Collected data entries
• • •

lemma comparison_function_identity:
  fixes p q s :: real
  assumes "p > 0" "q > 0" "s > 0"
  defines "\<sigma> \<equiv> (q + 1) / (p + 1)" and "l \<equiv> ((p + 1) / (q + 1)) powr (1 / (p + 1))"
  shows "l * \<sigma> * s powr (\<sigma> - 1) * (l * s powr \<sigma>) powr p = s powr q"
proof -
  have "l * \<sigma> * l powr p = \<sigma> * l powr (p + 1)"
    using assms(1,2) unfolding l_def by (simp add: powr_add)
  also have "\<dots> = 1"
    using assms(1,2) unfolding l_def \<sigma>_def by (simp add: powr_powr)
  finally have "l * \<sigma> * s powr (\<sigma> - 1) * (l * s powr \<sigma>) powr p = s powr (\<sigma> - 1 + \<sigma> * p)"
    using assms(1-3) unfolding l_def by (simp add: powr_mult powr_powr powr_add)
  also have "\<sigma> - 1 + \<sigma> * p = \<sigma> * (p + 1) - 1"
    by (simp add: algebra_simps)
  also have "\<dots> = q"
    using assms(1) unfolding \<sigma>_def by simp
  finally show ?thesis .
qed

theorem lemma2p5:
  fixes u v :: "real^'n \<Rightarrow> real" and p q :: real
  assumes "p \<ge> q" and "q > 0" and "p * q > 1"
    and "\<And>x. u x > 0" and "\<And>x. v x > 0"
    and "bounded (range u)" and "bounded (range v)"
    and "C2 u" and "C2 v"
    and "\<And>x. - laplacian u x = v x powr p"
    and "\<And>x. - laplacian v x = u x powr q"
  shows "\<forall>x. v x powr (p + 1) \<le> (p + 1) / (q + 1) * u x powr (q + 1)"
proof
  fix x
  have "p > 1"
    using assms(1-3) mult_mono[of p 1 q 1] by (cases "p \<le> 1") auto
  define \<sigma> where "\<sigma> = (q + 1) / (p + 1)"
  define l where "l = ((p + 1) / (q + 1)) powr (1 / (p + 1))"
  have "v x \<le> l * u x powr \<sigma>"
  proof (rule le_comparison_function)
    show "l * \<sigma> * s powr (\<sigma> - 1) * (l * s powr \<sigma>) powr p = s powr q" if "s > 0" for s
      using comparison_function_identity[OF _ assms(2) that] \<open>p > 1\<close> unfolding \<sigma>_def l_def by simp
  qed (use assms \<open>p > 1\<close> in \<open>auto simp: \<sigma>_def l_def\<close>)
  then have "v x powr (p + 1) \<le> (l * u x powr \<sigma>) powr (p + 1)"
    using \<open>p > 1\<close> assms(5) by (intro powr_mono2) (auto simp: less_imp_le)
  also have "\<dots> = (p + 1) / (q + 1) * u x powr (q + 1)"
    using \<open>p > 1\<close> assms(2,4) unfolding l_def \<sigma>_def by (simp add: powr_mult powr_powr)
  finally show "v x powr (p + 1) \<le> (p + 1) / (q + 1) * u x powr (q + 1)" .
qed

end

• • •

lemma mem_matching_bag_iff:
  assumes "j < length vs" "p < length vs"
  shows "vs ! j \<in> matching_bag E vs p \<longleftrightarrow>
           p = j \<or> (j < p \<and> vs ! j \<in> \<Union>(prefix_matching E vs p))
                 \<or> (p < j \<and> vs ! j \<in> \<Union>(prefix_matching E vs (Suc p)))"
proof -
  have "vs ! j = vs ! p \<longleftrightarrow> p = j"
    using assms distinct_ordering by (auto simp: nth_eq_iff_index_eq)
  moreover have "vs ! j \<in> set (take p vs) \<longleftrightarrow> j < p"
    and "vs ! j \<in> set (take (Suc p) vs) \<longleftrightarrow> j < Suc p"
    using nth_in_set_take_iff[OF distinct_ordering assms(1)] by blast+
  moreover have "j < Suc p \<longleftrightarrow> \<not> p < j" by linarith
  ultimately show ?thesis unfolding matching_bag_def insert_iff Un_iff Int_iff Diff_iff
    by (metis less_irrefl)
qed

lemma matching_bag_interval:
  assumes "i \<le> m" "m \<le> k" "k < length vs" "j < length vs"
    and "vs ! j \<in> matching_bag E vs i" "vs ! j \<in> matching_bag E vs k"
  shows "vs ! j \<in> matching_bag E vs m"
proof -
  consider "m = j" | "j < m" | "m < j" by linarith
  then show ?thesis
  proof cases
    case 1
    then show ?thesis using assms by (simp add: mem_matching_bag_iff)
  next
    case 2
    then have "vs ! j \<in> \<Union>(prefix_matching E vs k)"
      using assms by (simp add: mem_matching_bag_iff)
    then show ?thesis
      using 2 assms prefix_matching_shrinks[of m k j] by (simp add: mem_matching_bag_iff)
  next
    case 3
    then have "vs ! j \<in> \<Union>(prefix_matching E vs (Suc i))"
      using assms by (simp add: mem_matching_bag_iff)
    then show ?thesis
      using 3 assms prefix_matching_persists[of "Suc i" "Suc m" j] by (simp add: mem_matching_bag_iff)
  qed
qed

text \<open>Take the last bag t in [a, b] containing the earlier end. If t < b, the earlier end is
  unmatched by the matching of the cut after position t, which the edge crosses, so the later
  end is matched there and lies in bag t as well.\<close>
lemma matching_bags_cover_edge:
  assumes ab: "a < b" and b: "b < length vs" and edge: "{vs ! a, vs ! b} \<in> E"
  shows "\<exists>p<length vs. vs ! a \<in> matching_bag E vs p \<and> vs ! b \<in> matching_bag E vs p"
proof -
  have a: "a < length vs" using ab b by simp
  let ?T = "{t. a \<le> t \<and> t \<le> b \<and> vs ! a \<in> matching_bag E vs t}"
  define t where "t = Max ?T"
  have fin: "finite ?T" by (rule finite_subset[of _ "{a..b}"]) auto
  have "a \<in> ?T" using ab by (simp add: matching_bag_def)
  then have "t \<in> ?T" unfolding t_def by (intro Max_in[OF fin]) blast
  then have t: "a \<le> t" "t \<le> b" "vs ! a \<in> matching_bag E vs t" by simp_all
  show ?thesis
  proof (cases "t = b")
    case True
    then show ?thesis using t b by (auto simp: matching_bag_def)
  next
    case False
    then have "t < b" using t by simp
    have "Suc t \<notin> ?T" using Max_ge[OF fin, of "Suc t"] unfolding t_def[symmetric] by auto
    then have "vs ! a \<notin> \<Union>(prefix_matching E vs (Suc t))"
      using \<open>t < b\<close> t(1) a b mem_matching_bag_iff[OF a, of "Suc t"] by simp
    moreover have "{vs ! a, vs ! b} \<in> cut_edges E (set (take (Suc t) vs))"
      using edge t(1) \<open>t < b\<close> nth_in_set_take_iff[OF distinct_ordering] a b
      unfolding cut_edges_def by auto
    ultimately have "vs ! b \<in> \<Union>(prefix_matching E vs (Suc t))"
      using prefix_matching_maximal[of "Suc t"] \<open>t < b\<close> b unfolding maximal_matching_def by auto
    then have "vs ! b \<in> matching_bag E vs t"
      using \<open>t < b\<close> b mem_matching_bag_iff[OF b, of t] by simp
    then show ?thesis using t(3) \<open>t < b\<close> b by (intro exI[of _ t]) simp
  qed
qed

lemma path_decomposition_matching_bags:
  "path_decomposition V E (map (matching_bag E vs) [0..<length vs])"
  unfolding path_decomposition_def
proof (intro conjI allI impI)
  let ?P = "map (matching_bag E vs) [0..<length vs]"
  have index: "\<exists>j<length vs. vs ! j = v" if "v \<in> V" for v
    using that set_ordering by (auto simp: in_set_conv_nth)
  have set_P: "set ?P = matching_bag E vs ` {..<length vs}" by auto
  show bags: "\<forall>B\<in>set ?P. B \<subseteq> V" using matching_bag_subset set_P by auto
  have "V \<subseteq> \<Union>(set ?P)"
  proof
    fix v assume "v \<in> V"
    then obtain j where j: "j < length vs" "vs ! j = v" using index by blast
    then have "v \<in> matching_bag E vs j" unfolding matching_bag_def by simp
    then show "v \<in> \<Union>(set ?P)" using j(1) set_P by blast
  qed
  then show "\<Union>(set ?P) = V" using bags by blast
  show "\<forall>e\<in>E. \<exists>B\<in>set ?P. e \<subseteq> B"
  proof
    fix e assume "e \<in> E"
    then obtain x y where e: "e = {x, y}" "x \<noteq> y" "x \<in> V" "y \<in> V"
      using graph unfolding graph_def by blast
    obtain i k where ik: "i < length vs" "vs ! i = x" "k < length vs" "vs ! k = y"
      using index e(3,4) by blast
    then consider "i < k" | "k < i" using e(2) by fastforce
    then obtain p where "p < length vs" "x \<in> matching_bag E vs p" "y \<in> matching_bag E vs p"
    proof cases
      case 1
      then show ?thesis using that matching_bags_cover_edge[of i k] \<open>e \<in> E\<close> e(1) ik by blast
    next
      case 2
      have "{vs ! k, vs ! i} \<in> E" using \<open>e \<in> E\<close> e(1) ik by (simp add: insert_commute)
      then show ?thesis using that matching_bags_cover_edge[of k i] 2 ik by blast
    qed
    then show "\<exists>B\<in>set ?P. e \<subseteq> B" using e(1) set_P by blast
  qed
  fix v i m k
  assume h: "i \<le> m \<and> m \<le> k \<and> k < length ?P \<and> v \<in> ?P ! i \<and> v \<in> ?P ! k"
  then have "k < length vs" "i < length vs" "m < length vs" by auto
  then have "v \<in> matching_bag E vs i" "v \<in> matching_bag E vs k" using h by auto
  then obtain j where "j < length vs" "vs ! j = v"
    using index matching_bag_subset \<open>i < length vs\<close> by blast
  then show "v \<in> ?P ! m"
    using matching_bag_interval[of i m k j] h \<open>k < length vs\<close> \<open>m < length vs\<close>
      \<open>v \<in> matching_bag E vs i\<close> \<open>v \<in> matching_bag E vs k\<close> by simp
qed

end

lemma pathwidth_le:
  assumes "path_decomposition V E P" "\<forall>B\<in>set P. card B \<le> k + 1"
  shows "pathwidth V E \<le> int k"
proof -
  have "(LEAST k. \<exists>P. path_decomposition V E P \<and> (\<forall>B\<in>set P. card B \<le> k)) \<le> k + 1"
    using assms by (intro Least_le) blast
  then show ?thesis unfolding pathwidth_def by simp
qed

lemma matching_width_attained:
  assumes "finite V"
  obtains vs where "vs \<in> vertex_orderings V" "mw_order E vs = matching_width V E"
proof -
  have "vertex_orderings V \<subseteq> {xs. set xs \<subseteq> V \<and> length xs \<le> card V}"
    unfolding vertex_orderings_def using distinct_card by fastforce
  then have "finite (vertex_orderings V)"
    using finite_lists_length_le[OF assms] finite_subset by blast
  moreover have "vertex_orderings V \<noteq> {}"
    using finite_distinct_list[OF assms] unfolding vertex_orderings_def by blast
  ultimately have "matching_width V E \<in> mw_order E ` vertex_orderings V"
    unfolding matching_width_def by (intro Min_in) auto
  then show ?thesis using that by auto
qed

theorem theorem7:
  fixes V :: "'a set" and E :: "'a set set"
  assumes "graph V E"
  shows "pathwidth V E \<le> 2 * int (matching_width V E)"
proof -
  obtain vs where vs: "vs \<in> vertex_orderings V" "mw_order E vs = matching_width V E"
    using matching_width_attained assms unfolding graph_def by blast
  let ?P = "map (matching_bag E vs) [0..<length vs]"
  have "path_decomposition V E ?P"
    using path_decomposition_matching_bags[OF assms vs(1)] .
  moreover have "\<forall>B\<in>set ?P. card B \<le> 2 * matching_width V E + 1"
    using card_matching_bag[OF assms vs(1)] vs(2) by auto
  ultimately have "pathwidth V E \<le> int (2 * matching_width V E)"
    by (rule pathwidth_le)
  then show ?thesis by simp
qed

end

• • •

Problem description –
Pull every line containing "subseteq" out of the data above.

Task output –
  show bags: "\<forall>B\<in>set ?P. B \<subseteq> V" using matching_bag_subset set_P by auto
  have "V \<subseteq> \<Union>(set ?P)"
  show "\<forall>e\<in>E. \<exists>B\<in>set ?P. e \<subseteq> B"
    then show "\<exists>B\<in>set ?P. e \<subseteq> B" using e(1) set_P by blast
  have "vertex_orderings V \<subseteq> {xs. set xs \<subseteq> V \<and> length xs \<le> card V}"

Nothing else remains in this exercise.